Task material.
- - - - - - -

section \<open>Lipschitz continuity of the nearest-neighbour statistic\<close>

definition nn_preimage :: "'a::real_normed_vector list \<Rightarrow> nat \<Rightarrow> nat set" where
  "nn_preimage ys k = {i. i < length ys \<and> nn_dist ys i < 1 \<and> k \<in> nearest_neighbours ys i}"

definition copies :: "'a list \<Rightarrow> nat \<Rightarrow> nat set" where
  "copies ys k = {j. j < length ys \<and> ys ! j = ys ! k}"

lemma finite_nn_preimage [simp]: "finite (nn_preimage ys k)"
  by (simp add: nn_preimage_def)

lemma finite_copies [simp]: "finite (copies ys k)"
  by (simp add: copies_def)

lemma card_nn_preimage_diff_copies_le_kissing_number:
  fixes ys :: "'a::euclidean_space list"
  shows "card (nn_preimage ys k - copies ys k) \<le> kissing_number TYPE('a)"
proof -
  define E where "E = nn_preimage ys k - copies ys k"
  define c where "c i = 2 *\<^sub>R sgn (ys ! i - ys ! k)" for i
  have E: "i < length ys" "i \<noteq> k" "ys ! i \<noteq> ys ! k" "nn_dist ys i = norm (ys ! i - ys ! k)"
    if "i \<in> E" for i
    using that
    by (auto simp: E_def nn_preimage_def copies_def nearest_neighbours_def d0_def min_def split: if_splits)
  have norm_le: "norm (ys ! i - ys ! k) \<le> norm (ys ! i - ys ! i')"
    if "i \<in> E" "i' \<in> E" "i \<noteq> i'" for i i'
  proof -
    have "norm (ys ! i - ys ! k) \<le> d0 (ys ! i) (ys ! i')"
      using E[OF that(1)] E[OF that(2)] that(3) nn_dist_le[of i' ys i] by simp
    then show ?thesis by (simp add: d0_def)
  qed
  have sep: "2 \<le> dist (c i) (c i')" if "i \<in> E" "i' \<in> E" "i \<noteq> i'" for i i'
  proof -
    have "1 \<le> dist (sgn (ys ! i - ys ! k)) (sgn (ys ! i' - ys ! k))"
      using E[OF that(1)] E[OF that(2)] norm_le[OF that] norm_le[OF that(2,1)] that(3)
      by (intro dist_sgn_ge_1) (simp_all add: norm_minus_commute)
    then show ?thesis
      by (simp add: c_def dist_norm flip: scaleR_diff_right)
  qed
  have "inj_on c E"
    by (rule inj_onI) (use sep in fastforce)
  moreover have "kissing_configuration (c ` E)"
    using sep E(3) by (auto simp: kissing_configuration_iff c_def norm_sgn)
  ultimately show ?thesis
    using card_le_kissing_number[of "c ` E"] card_image unfolding E_def by fastforce
qed

lemma sum_inverse_card_nearest_neighbours_copies_le:
  assumes "k < length ys"
  shows "(\<Sum>i \<in> nn_preimage ys k \<inter> copies ys k. 1 / real (card (nearest_neighbours ys i)))
           \<le> (if nn_preimage ys k \<inter> copies ys k = {} then 0 else 1)"
proof -
  define S where "S = copies ys k"
  have "(\<Sum>i \<in> nn_preimage ys k \<inter> S. 1 / real (card (nearest_neighbours ys i)))
      = (\<Sum>i \<in> nn_preimage ys k \<inter> S. 1 / real (card S - 1))"
  proof (rule sum.cong)
    fix i assume i: "i \<in> nn_preimage ys k \<inter> S"
    then have "nn_dist ys i = 0"
      by (auto simp: S_def nn_preimage_def copies_def nearest_neighbours_def d0_def)
    then have "nearest_neighbours ys i = S - {i}"
      using i
      by (auto simp: S_def nn_preimage_def copies_def nearest_neighbours_def d0_def min_def split: if_splits)
    then show "1 / real (card (nearest_neighbours ys i)) = 1 / real (card S - 1)"
      using i by (simp add: S_def)
  qed simp
  also have "\<dots> \<le> (if nn_preimage ys k \<inter> S = {} then 0 else 1)"
  proof -
    have "nn_preimage ys k \<inter> S \<subseteq> S - {k}"
      by (auto simp: nn_preimage_def nearest_neighbours_def)
    moreover have "k \<in> S"
      using assms by (simp add: S_def copies_def)
    ultimately have "card (nn_preimage ys k \<inter> S) \<le> card S - 1"
      using card_mono[of "S - {k}"] by (simp add: S_def)
    then show ?thesis by (auto simp: divide_le_eq_1)
  qed
  finally show ?thesis unfolding S_def .
qed

lemma sum_inverse_card_nearest_neighbours_other_le:
  fixes ys :: "'a::euclidean_space list"
  shows "(\<Sum>i \<in> nn_preimage ys k - copies ys k. 1 / real (card (nearest_neighbours ys i)))
           \<le> real (kissing_number TYPE('a)) / card (copies ys k)"
proof -
  have "1 / real (card (nearest_neighbours ys i)) \<le> 1 / card (copies ys k)"
    if "i \<in> nn_preimage ys k - copies ys k" for i
  proof -
    have "copies ys k \<subseteq> nearest_neighbours ys i"
      using that by (auto simp: nn_preimage_def copies_def nearest_neighbours_def)
    moreover have "copies ys k \<noteq> {}"
      using that by (auto simp: nn_preimage_def nearest_neighbours_def copies_def)
    ultimately show ?thesis
      by (simp add: frac_le card_mono card_gt_0_iff)
  qed
  then have "(\<Sum>i \<in> nn_preimage ys k - copies ys k. 1 / real (card (nearest_neighbours ys i)))
      \<le> card (nn_preimage ys k - copies ys k) * (1 / card (copies ys k))"
    by (rule sum_bounded_above)
  also have "\<dots> \<le> real (kissing_number TYPE('a)) * (1 / card (copies ys k))"
    using card_nn_preimage_diff_copies_le_kissing_number[of ys k] by (intro mult_right_mono) simp_all
  finally show ?thesis
    by simp
qed

text \<open>The at most one unit contributed by the copies of \<open>ys ! k\<close> is absorbed because the kissing
  number is at least 2.\<close>

lemma sum_inverse_card_nearest_neighbours_le:
  fixes ys :: "'a::euclidean_space list"
  assumes "k < length ys"
  shows "(\<Sum>i \<in> nn_preimage ys k. 1 / real (card (nearest_neighbours ys i)))
           \<le> real (kissing_number TYPE('a))"
proof -
  define P S where "P = nn_preimage ys k" and "S = copies ys k"
  define \<tau> where "\<tau> = real (kissing_number TYPE('a))"
  have "k \<in> S" using assms by (simp add: S_def copies_def)
  then have s: "1 \<le> card S" by (metis One_nat_def Suc_leI card_gt_0_iff empty_iff finite_copies S_def)
  have "(if P \<inter> S = {} then 0 else 1) + \<tau> / card S \<le> \<tau>"
  proof (cases "P \<inter> S = {}")
    case True
    then show ?thesis using s by (simp add: \<tau>_def divide_le_eq mult_le_cancel_left1)
  next
    case False
    then obtain i where "i \<in> P \<inter> S" by blast
    then have "{i, k} \<subseteq> S" "i \<noteq> k"
      using \<open>k \<in> S\<close> by (auto simp: P_def nn_preimage_def nearest_neighbours_def)
    then have "2 \<le> card S" by (metis S_def card_2_iff card_mono finite_copies)
    then have "\<tau> / card S \<le> \<tau> / 2" by (intro divide_left_mono) (simp_all add: \<tau>_def)
    moreover have "2 \<le> \<tau>" using kissing_number_ge_2[where 'a='a] by (simp add: \<tau>_def)
    moreover have "(if P \<inter> S = {} then 0 else 1) = (1::real)" using False by simp
    ultimately show ?thesis by linarith
  qed
  then show ?thesis
    using sum_inverse_card_nearest_neighbours_copies_le[OF assms]
      sum_inverse_card_nearest_neighbours_other_le[of ys k]
      sum.Int_Diff[OF finite_nn_preimage, of _ ys k "copies ys k"]
    unfolding P_def S_def \<tau>_def by (smt (verit))
qed

lemma sum_min_nearest_powr_le:
  fixes ys :: "'a::euclidean_space list" and \<delta> :: "nat \<Rightarrow> real"
  assumes p: "0 \<le> p" and n: "2 \<le> length ys" and \<delta>: "\<And>k. 0 \<le> \<delta> k"
  shows "(\<Sum>i<length ys. (if nn_dist ys i < 1 then Min (\<delta> ` nearest_neighbours ys i) else 0) powr p)
           \<le> real (kissing_number TYPE('a)) * (\<Sum>k<length ys. \<delta> k powr p)"
proof -
  define N where "N = nearest_neighbours ys"
  define I where "I = {i \<in> {..<length ys}. nn_dist ys i < 1}"
  have min_le_mean: "Min (\<delta> ` N i) powr p \<le> (\<Sum>k\<in>N i. \<delta> k powr p / card (N i))"
    if "i < length ys" for i
  proof -
    have ne: "N i \<noteq> {}" using nearest_neighbours_nonempty[OF n that] by (simp add: N_def)
    have "Min ((\<lambda>x. x powr p) ` \<delta> ` N i) = Min (\<delta> ` N i) powr p"
      using ne p \<delta> by (intro Min_powr_commute) (auto simp: N_def)
    then have "Min ((\<lambda>k. \<delta> k powr p) ` N i) = Min (\<delta> ` N i) powr p"
      by (simp add: image_image)
    moreover have "card (N i) * Min ((\<lambda>k. \<delta> k powr p) ` N i) \<le> (\<Sum>k\<in>N i. \<delta> k powr p)"
      by (rule sum_bounded_below) (simp add: N_def)
    ultimately show ?thesis
      using ne by (simp add: N_def sum_divide_distrib[symmetric] le_divide_eq card_gt_0_iff mult.commute)
  qed
  have N_eq: "N i = {k \<in> {..<length ys}. k \<in> N i}" for i
    by (auto simp: N_def nearest_neighbours_def)
  have "(\<Sum>i<length ys. (if nn_dist ys i < 1 then Min (\<delta> ` N i) else 0) powr p)
      = (\<Sum>i\<in>I. Min (\<delta> ` N i) powr p)"
    unfolding I_def sum.inter_filter[OF finite_lessThan] by (intro sum.cong) auto
  also have "\<dots> \<le> (\<Sum>i\<in>I. \<Sum>k\<in>{k \<in> {..<length ys}. k \<in> N i}. \<delta> k powr p / card (N i))"
    using min_le_mean N_eq by (intro sum_mono) (auto simp: I_def)
  also have "\<dots> = (\<Sum>k<length ys. \<Sum>i\<in>{i \<in> I. k \<in> N i}. \<delta> k powr p / card (N i))"
    by (rule sum.swap_restrict) (simp_all add: I_def)
  also have "\<dots> = (\<Sum>k<length ys. \<delta> k powr p * (\<Sum>i \<in> nn_preimage ys k. 1 / card (N i)))"
    by (intro sum.cong) (auto simp: I_def N_def nn_preimage_def sum_distrib_left intro!: sum.cong)
  also have "\<dots> \<le> (\<Sum>k<length ys. \<delta> k powr p * real (kissing_number TYPE('a)))"
    using sum_inverse_card_nearest_neighbours_le
    by (intro sum_mono mult_left_mono) (auto simp: N_def)
  finally show ?thesis
    unfolding N_def by (simp add: sum_distrib_left mult.commute)
qed

lemma nn_dist_le_matched:
  assumes len: "length xs = length ys" and n: "2 \<le> length ys" and i: "i < length ys"
  defines "\<delta> \<equiv> \<lambda>k. d0 (xs ! k) (ys ! k)"
  shows "nn_dist xs i \<le> nn_dist ys i + \<delta> i
           + (if nn_dist ys i < 1 then Min (\<delta> ` nearest_neighbours ys i) else 0)"
proof (cases "nn_dist ys i < 1")
  case True
  have "Min (\<delta> ` nearest_neighbours ys i) \<in> \<delta> ` nearest_neighbours ys i"
    using nearest_neighbours_nonempty[OF n i] by simp
  then obtain k where k: "k \<in> nearest_neighbours ys i" "Min (\<delta> ` nearest_neighbours ys i) = \<delta> k"
    by auto
  then have "k < length ys" "k \<noteq> i" "d0 (ys ! i) (ys ! k) = nn_dist ys i"
    by (auto simp: nearest_neighbours_def)
  have "nn_dist xs i \<le> d0 (xs ! i) (xs ! k)"
    using \<open>k < length ys\<close> \<open>k \<noteq> i\<close> len by (intro nn_dist_le) simp_all
  also have "\<dots> \<le> d0 (xs ! i) (ys ! i) + d0 (ys ! i) (ys ! k) + d0 (ys ! k) (xs ! k)"
    using d0_triangle[of "xs ! i" "xs ! k" "ys ! i"] d0_triangle[of "ys ! i" "xs ! k" "ys ! k"]
    by simp
  finally show ?thesis
    using True k \<open>d0 (ys ! i) (ys ! k) = nn_dist ys i\<close> by (simp add: \<delta>_def d0_commute)
next
  case False
  moreover have "nn_dist xs i \<le> 1" "0 \<le> \<delta> i"
    using nn_dist_bounds(2)[of xs i] len n i by (simp_all add: \<delta>_def d0_def)
  ultimately show ?thesis
    by simp
qed

lemma power_mean_nn_dist_le:
  fixes xs ys :: "'a::euclidean_space list"
  assumes p: "1 \<le> p" and len: "length xs = length ys" and n: "2 \<le> length ys"
  shows "power_mean p (length ys) (nn_dist xs) \<le> power_mean p (length ys) (nn_dist ys)
           + (1 + real (kissing_number TYPE('a)) powr (1 / p))
             * power_mean p (length ys) (\<lambda>i. d0 (xs ! i) (ys ! i))"
proof -
  define m where "m = length ys"
  define \<delta> where "\<delta> = (\<lambda>i. d0 (xs ! i) (ys ! i))"
  define g where "g i = (if nn_dist ys i < 1 then Min (\<delta> ` nearest_neighbours ys i) else 0)" for i
  have \<delta>: "0 \<le> \<delta> i" for i by (simp add: \<delta>_def d0_def)
  have g: "0 \<le> g i" if "i < m" for i
    using nearest_neighbours_nonempty[OF n] that \<delta> by (simp add: g_def m_def)
  have nn: "0 \<le> nn_dist zs i" if "2 \<le> length zs" "i < length zs" for zs :: "'a list" and i
    using nn_dist_bounds[OF that] by simp
  have "nn_dist xs i \<le> nn_dist ys i + \<delta> i + g i" if "i < m" for i
    using nn_dist_le_matched[OF len n, of i] that unfolding m_def g_def \<delta>_def by simp
  then have "power_mean p m (nn_dist xs) \<le> power_mean p m (\<lambda>i. (nn_dist ys i + \<delta> i) + g i)"
    using p n len nn by (intro power_mean_mono) (simp_all add: m_def)
  also have "\<dots> \<le> power_mean p m (\<lambda>i. nn_dist ys i + \<delta> i) + power_mean p m g"
    using p n nn \<delta> g by (intro power_mean_add_le) (simp_all add: m_def add_nonneg_nonneg)
  also have "\<dots> \<le> power_mean p m (nn_dist ys) + power_mean p m \<delta> + power_mean p m g"
    using p n nn \<delta> power_mean_add_le[of p m "nn_dist ys" \<delta>] by (simp add: m_def)
  also have "power_mean p m g \<le> real (kissing_number TYPE('a)) powr (1 / p) * power_mean p m \<delta>"
    using p sum_min_nearest_powr_le[OF _ n \<delta>, of p]
    by (intro power_mean_le_scaled) (simp_all add: g_def m_def)
  finally show ?thesis
    by (simp add: m_def \<delta>_def algebra_simps)
qed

- - - - - - -

Assignment. Your response should be the lines above from the first to the one containing "ys \<and> nn_dist", inclusive, each given exactly.

Response area.
section \<open>Lipschitz continuity of the nearest-neighbour statistic\<close>

definition nn_preimage :: "'a::real_normed_vector list \<Rightarrow> nat \<Rightarrow> nat set" where
  "nn_preimage ys k = {i. i < length ys \<and> nn_dist ys i < 1 \<and> k \<in> nearest_neighbours ys i}"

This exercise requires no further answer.